To the people who are tasked with stopping the Rams’ offense, however, things are different from the Goff days because of Stafford’s skill set. Defenses have reason to be more concerned about Stafford letting it rip and throwing the ball all over the yard against them than they did about Goff only hitting on the plays that were laid out perfectly for him.

“I'd probably say that it's more passes down the field and a lot less screens involved,” Peterson said. “It just seems like they are attacking more down the field now. It's more of a free offense is what it seems like now watching them on film and whenever I get to see them on TV. Those guys are very explosive.”

Interestingly enough, asking Stafford to do more because he’s more talented hasn’t always been the right idea. McVay has only dialed up play-action passes on 24.4% of Stafford’s passes (21st in the NFL) yet the veteran QB has a 117.9 rating on such throws (third best). Last year Goff had the fourth highest play-action percentage at 34.0%. Treating Stafford a little more Goff-ian might have helped during his cold streak.

There are always so many moving parts when it comes to evaluating a quarterback that everyone, including every single NFL team, struggles to pin down exactly how good quarterbacks actually are and what they need to win. There’s supporting cast, chemistry, consistency, scheme, coaching, injuries, opponents, outside pressure and total randomness.

The obvious cases aren’t tough. We know that if Trevor Lawrence played for the Patriots, he’d be having a much better time than with kicker-kicker Urban Meyer as his head coach. We know that Patrick Mahomes on almost any team would make them way better than they are. The cases in the middle i.e. the Ryan Tannehills, Kirk Cousinses and Derek Carrs are much more fuzzy.

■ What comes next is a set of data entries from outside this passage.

lemma monic_int_poly_rational_root_Ints:
  fixes P :: "int poly" and x :: "'a :: field_char_0"
  assumes monic: "lead_coeff P = 1" and root: "poly (map_poly of_int P) x = 0" and "x \<in> \<rat>"
  shows "x \<in> \<int>"
proof -
  obtain p q where q: "q > 0" and cop: "coprime p q" and x: "x = of_int p / of_int q"
    using Rats_cases'[OF \<open>x \<in> \<rat>\<close>] by metis
  let ?d = "degree P"
  let ?t = "\<lambda>i. coeff P i * p ^ i * q ^ (?d - i)"
  have "(of_int (\<Sum>i\<le>?d. ?t i) :: 'a) = 0"
    using poly_of_int_fraction_cleared[of q P p, where 'a = 'a] q root x by (simp del: of_int_sum)
  hence "(\<Sum>i\<le>?d. ?t i) = 0" by (simp only: of_int_eq_0_iff)
  hence "p ^ ?d = - (\<Sum>i<?d. ?t i)"
    using monic by (simp add: lessThan_Suc_atMost[symmetric] eq_neg_iff_add_eq_0 add.commute)
  moreover have "q dvd (\<Sum>i<?d. ?t i)" by (intro dvd_sum) simp
  ultimately have "q dvd p ^ ?d" by simp
  with cop have "is_unit q" by (meson coprime_common_divisor coprime_power_left_iff dvd_refl)
  with q x show ?thesis by simp
qed

lemma adj_matrix_carrier: "adj_matrix n E \<in> carrier_mat n n"
  unfolding adj_matrix_def by simp

lemma adj_matrix_symmetric:
  assumes "simple_graph n E" "i < n" "j < n"
  shows "adj_matrix n E $$ (i,j) = adj_matrix n E $$ (j,i)"
  using assms unfolding adj_matrix_def simple_graph_def by auto

lemma mat_trace_adj_matrix:
  assumes "simple_graph n E"
  shows "mat_trace (adj_matrix n E) = 0"
  using assms unfolding mat_trace_eq_sum adj_matrix_def simple_graph_def by simp

lemma mat_trace_adj_matrix_square:
  assumes sg: "simple_graph n E" and reg: "regular n E k"
  shows "mat_trace (adj_matrix n E * adj_matrix n E) = real n * real k"
proof -
  let ?A = "adj_matrix n E"
  have "(?A * ?A) $$ (i,i) = real k" if i: "i < n" for i
  proof -
    have "(?A * ?A) $$ (i,i) = (\<Sum>j\<in>{0..<n}. if E i j then 1 else 0)"
      using i sg unfolding adj_matrix_def simple_graph_def
      by (auto simp: scalar_prod_def intro!: sum.cong)
    also have "\<dots> = real (card {j. j < n \<and> E i j})"
      by (simp add: sum.If_cases Int_def atLeast0LessThan)
    finally show ?thesis using reg i unfolding regular_def by simp
  qed
  thus ?thesis unfolding mat_trace_eq_sum by (simp add: adj_matrix_def)
qed

lemma regular_degree_pos:
  assumes sg: "simple_graph n E" and reg: "regular n E k" and "\<not> edgeless E"
  shows "0 < k"
proof -
  from \<open>\<not> edgeless E\<close> obtain u v where uv: "E u v" unfolding edgeless_def by blast
  with sg have "u < n" "v \<in> {w. w < n \<and> E u w}" unfolding simple_graph_def by auto
  moreover have "finite {w. w < n \<and> E u w}" by simp
  ultimately show ?thesis using reg unfolding regular_def by (metis card_gt_0_iff empty_iff)
qed

lemma adj_matrix_spectral_moments:
  assumes sg: "simple_graph n E" and reg: "regular n E k"
    and S: "finite S" "{\<theta>. eigenvalue (adj_matrix n E) \<theta>} \<subseteq> S"
  shows "(\<Sum>\<theta>\<in>S. real (eig_mult (adj_matrix n E) \<theta>)) = real n"
    and "(\<Sum>\<theta>\<in>S. real (eig_mult (adj_matrix n E) \<theta>) * \<theta>) = 0"
    and "(\<Sum>\<theta>\<in>S. real (eig_mult (adj_matrix n E) \<theta>) * \<theta>\<^sup>2) = real n * real k"
proof -
  let ?A = "adj_matrix n E"
  obtain rs where cp: "char_poly ?A = (\<Prod>r\<leftarrow>rs. [:- r, 1:])" and len: "length rs = n"
    using char_poly_real_symmetric_splits[OF adj_matrix_carrier adj_matrix_symmetric[OF sg]] .
  note moments = sum_list_roots_eq_sum_eig_mult[OF adj_matrix_carrier cp S]
  show "(\<Sum>\<theta>\<in>S. real (eig_mult ?A \<theta>)) = real n"
    using moments[of "\<lambda>_. 1"] len by (simp add: sum_list_triv)
  show "(\<Sum>\<theta>\<in>S. real (eig_mult ?A \<theta>) * \<theta>) = 0"
    using moments[of "\<lambda>\<theta>. \<theta>"] mat_trace_char_poly_split(1)[OF adj_matrix_carrier cp]
      mat_trace_adj_matrix[OF sg] by simp
  show "(\<Sum>\<theta>\<in>S. real (eig_mult ?A \<theta>) * \<theta>\<^sup>2) = real n * real k"
    using moments[of "\<lambda>\<theta>. \<theta>\<^sup>2"] mat_trace_char_poly_split(2)[OF adj_matrix_carrier cp]
      mat_trace_adj_matrix_square[OF sg reg] by simp
qed

lemma adj_matrix_rational_eigenvalue_Ints:
  assumes "eigenvalue (adj_matrix n E) \<theta>" and "\<theta> \<in> \<rat>"
  shows "\<theta> \<in> \<int>"
proof -
  define B :: "int mat" where "B = mat n n (\<lambda>(i,j). if E i j then 1 else 0)"
  have B: "B \<in> carrier_mat n n" unfolding B_def by simp
  have "adj_matrix n E = map_mat of_int B"
    unfolding B_def adj_matrix_def by (rule eq_matI) auto
  hence "char_poly (adj_matrix n E) = map_poly of_int (char_poly B)"
    using of_int_hom.char_poly_hom[OF B] by simp
  hence "poly (map_poly of_int (char_poly B)) \<theta> = 0"
    using assms(1) eigenvalue_root_char_poly[OF adj_matrix_carrier] by simp
  moreover have "lead_coeff (char_poly B) = 1" using degree_monic_char_poly[OF B] by simp
  ultimately show ?thesis using monic_int_poly_rational_root_Ints assms(2) by blast
qed

lemma antipodal_eigenvalue_square:
  fixes k n m2 m \<theta>2 \<theta>3 :: real
  assumes count: "n = 1 + m2 + 2 * m" and trace: "k + m2 * \<theta>2 = 0"
    and trace_square: "n * k = k\<^sup>2 + m2 * \<theta>2\<^sup>2 + 2 * m * \<theta>3\<^sup>2" and "m > 0"
  shows "\<theta>3\<^sup>2 = k * (1 + (\<theta>2 + 1) * (m2 + 1) / (n - m2 - 1))"
proof -
  have "n - m2 - 1 = 2 * m" using count by simp
  moreover have "m2 * \<theta>2\<^sup>2 = (m2 * \<theta>2) * \<theta>2" by (simp add: power2_eq_square)
  moreover have "m2 * \<theta>2 = - k" using trace by simp
  ultimately have "2 * m * \<theta>3\<^sup>2 = 2 * m * (k * (1 + (\<theta>2 + 1) * (m2 + 1) / (n - m2 - 1)))"
    using count trace trace_square \<open>m > 0\<close> by (simp add: field_simps power2_eq_square)
  thus ?thesis using \<open>m > 0\<close> by simp
qed

theorem theorem6:
  fixes n k b a m2 m3 m4 :: nat and E :: "nat \<Rightarrow> nat \<Rightarrow> bool"
    and \<theta>2 \<theta>3 \<theta>4 :: real
  assumes "strongly_deza n E k b a"
    and "{\<theta>. eigenvalue (adj_matrix n E) \<theta>} = {real k, \<theta>2, \<theta>3, \<theta>4}"
    and "distinct [real k, \<theta>2, \<theta>3, \<theta>4]"
    and "eig_mult (adj_matrix n E) (real k) = 1"
    and "eig_mult (adj_matrix n E) \<theta>2 = m2"
    and "eig_mult (adj_matrix n E) \<theta>3 = m3"
    and "eig_mult (adj_matrix n E) \<theta>4 = m4"
    and "m2 > 0" and "m3 > 0" and "m4 > 0"
    and "\<theta>4 = - \<theta>3" and "m3 = m4"
  shows "\<theta>2 = - real k / real m2 \<and> \<theta>2 \<in> \<int> \<and> \<theta>2 \<le> -1 \<and>
    (let r = sqrt (real k * (1 + (\<theta>2 + 1) * (real m2 + 1) / (real n - real m2 - 1)))
     in (\<theta>3 = r \<and> \<theta>4 = - r) \<or> (\<theta>3 = - r \<and> \<theta>4 = r))"
proof -
  from assms(1) have sg: "simple_graph n E" and reg: "regular n E k" and "\<not> edgeless E"
    unfolding strongly_deza_def deza_graph_def by auto
  note moments = adj_matrix_spectral_moments[OF sg reg, of "{real k, \<theta>2, \<theta>3, \<theta>4}"]
  have count: "real n = 1 + real m2 + 2 * real m3"
    and trace: "real k + real m2 * \<theta>2 = 0"
    and trace_square: "real n * real k = (real k)\<^sup>2 + real m2 * \<theta>2\<^sup>2 + 2 * real m3 * \<theta>3\<^sup>2"
    using moments assms(2-7,11,12) by (simp_all add: algebra_simps)
  have \<theta>2: "\<theta>2 = - real k / real m2" using trace \<open>m2 > 0\<close> by (simp add: field_simps)
  have "\<theta>2 \<in> \<int>"
    using adj_matrix_rational_eigenvalue_Ints[of n E \<theta>2] assms(2) \<theta>2 by auto
  moreover have "\<theta>2 < 0"
    unfolding \<theta>2 using regular_degree_pos[OF sg reg \<open>\<not> edgeless E\<close>] \<open>m2 > 0\<close>
    by (simp add: zero_less_divide_iff)
  ultimately have "\<theta>2 \<le> -1" by (auto elim: Ints_cases)
  have "sqrt (real k * (1 + (\<theta>2 + 1) * (real m2 + 1) / (real n - real m2 - 1))) = \<bar>\<theta>3\<bar>"
    using antipodal_eigenvalue_square[OF count trace trace_square] \<open>m3 > 0\<close>
    by (simp add: real_sqrt_abs[symmetric])
  thus ?thesis
    using \<theta>2 \<open>\<theta>2 \<in> \<int>\<close> \<open>\<theta>2 \<le> -1\<close> assms(11) unfolding Let_def by (cases "\<theta>3 \<ge> 0") auto
qed

end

The Rams went all-in with hopes that a player who has generally been considered in the same tier as that group would take them to the next level. In a way, they went all-in on the idea that a huge sample size of play in Detroit didn’t mean much. Now we sit in late December wondering if some of those good-not-great years with the Lions weren’t just because of the franchise’s ineptitude.

That can all change in the coming weeks if Stafford blows out the Vikings and steamrolls through the playoffs.

It wouldn’t be the NFL if the narrative of a quarterback’s entire career didn’t rest on a few games, right?